Il a par ailleurs annoncé le démantèlement de nouveaux camps de Roms, une mesure à laquelle le gouvernement est d'après lui contraint du fait de la concentration inquiétante de ces populations sur des terrains occupés illégalement.
"Le nombre de naturalisations est en chute libre, si rien n'est fait ce nombre va chuter de 40% entre 2011 et 2012 après une chute de 30% entre 2010 et 2011. Cette chute résulte d'une politique délibérée d'exclure de la nationalité des gens méritants", a dit Manuel Valls lors d'une audition devant la commission des lois du Sénat, rappelant avoir été lui-même naturalisé Français il y a moins de 30 ans.
"Je m'apprête à revenir sur les critères introduits, de manière peu connue, par mon prédécesseur. Je veux faire de la nationalité un moteur d'intégration (...) et non le résultat d'une course d'obstacles aléatoire et donc forcément discriminante", a-t-il ajouté.
La loi relative à l'immigration de juin 2011 a durci les critères de naturalisation, demandant notamment aux candidats à la naturalisation de prouver leur maîtrise de la langue en produisant un diplôme ou une attestation délivrée par un organisme reconnu par l'Etat.
Manuel Valls a répété mercredi ne pas vouloir augmenter le nombre de régularisations de sans-papiers, mais clarifier leurs critères, pour sortir de "toute logique arbitraire". Une circulaire est en préparation pour redéfinir ces critères "d'admission exceptionnelle au séjour", et elle sera discutée avec syndicats et associations durant l'été, a-t-il précisé.
Environ 30.000 régularisations sont prononcées chaque année en France, dont environ 15.000 de manière discrétionnaire, d'après Manuel Valls.
"Régulariser est un acte important qui doit s'appuyer sur des critères précis et objectifs", a estimé le ministre.

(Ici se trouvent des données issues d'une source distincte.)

lemma loyal_children_winning:
  "S \<in> W \<Longrightarrow> loyal_children N W S = (\<lambda>m. S - {m}) ` {m \<in> S. S - {m} \<in> W}"
  unfolding loyal_children_def by auto

lemma loyal_children_losing:
  "S \<notin> W \<Longrightarrow> loyal_children N W S = (\<lambda>m. insert m S) ` {m \<in> N - S. insert m S \<notin> W}"
  unfolding loyal_children_def by auto

lemma alpha_losing_average:
  assumes "finite N" "T \<subseteq> N" "T \<notin> W" "k \<in> N - T"
    and losing: "\<And>m. m \<in> N - T \<Longrightarrow> insert m T \<notin> W"
  shows "alpha N W k T = (\<Sum>m\<in>N - T. alpha N W k (insert m T)) / real (card (N - T))"
proof -
  have children: "loyal_children N W T = (\<lambda>m. insert m T) ` (N - T)"
    using assms(3) losing by (auto simp: loyal_children_losing)
  have inj: "inj_on (\<lambda>m. insert m T) (N - T)" unfolding inj_on_def by blast
  have "\<not> decisive W k T" "successful W k T"
    using assms(3,4) losing[OF assms(4)]
    unfolding decisive_def yes_decisive_def no_decisive_def successful_def by auto
  then show ?thesis
    using assms(1,2) by (simp add: alpha_unfold children sum.reindex[OF inj] card_image[OF inj])
qed

lemma alpha_yes_blocker_winning:
  assumes "finite N" "T \<subseteq> N" "T \<in> W" "yes_blocker W b"
  shows "alpha N W b T = 1"
proof -
  have "b \<in> T" "T - {b} \<notin> W" using assms(3,4) unfolding yes_blocker_def by auto
  then show ?thesis
    using assms(1-3) by (simp add: alpha_decisive decisive_def yes_decisive_def)
qed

DÉMANTÈLEMENTS DE CAMPS DE ROMS
Interrogé par plusieurs sénateurs sur la situation de grande précarité des Roms en France, Manuel Valls s'est dit "très inquiet" de la concentration de ces populations dans des campements insalubres et illégaux, une situation qui contraint d'après lui le gouvernement à de nouveaux démantèlements.
Nicolas Sarkozy avait provoqué une polémique en ordonnant il y a deux ans le démantèlement systématique de tous les camps illégaux de Roms dans son discours de Grenoble.
"La situation aujourd'hui à Lyon, à Aix-en-Provence, en Seine-Saint-Denis, dans une partie de l'agglomération lilloise, nous oblige à prendre des décisions de démantèlements", a dit mercredi Manuel Valls.
"Je ne dis pas que ça règle la solution, mais nous sommes face (...) à une situation y compris de confrontation entre les populations de quartiers populaires et les populations dites roms", a-t-il ajouté, disant vouloir traiter cette question avec "sérénité".
Manuel Valls a par ailleurs annoncé que le gouvernement proposerait à l'automne de mettre fin au "délit de solidarité" qui punit les personnes ayant apporté une aide au séjour à des étrangers sans papiers.
Dans le cadre d'un projet de loi prévu pour le premier semestre de 2013, il proposera également de créer un titre de séjour pluriannuel pour faciliter les démarches administratives des étrangers en situation régulière. De 50.000 à 60.000 personnes pourraient bénéficier de cette mesure, a-t-il indiqué.
Le ministre a enfin annoncé qu'un débat serait organisé chaque année au parlement sur la régulation des migrations économiques en fonction des besoins du pays, et en lien avec les partenaires sociaux.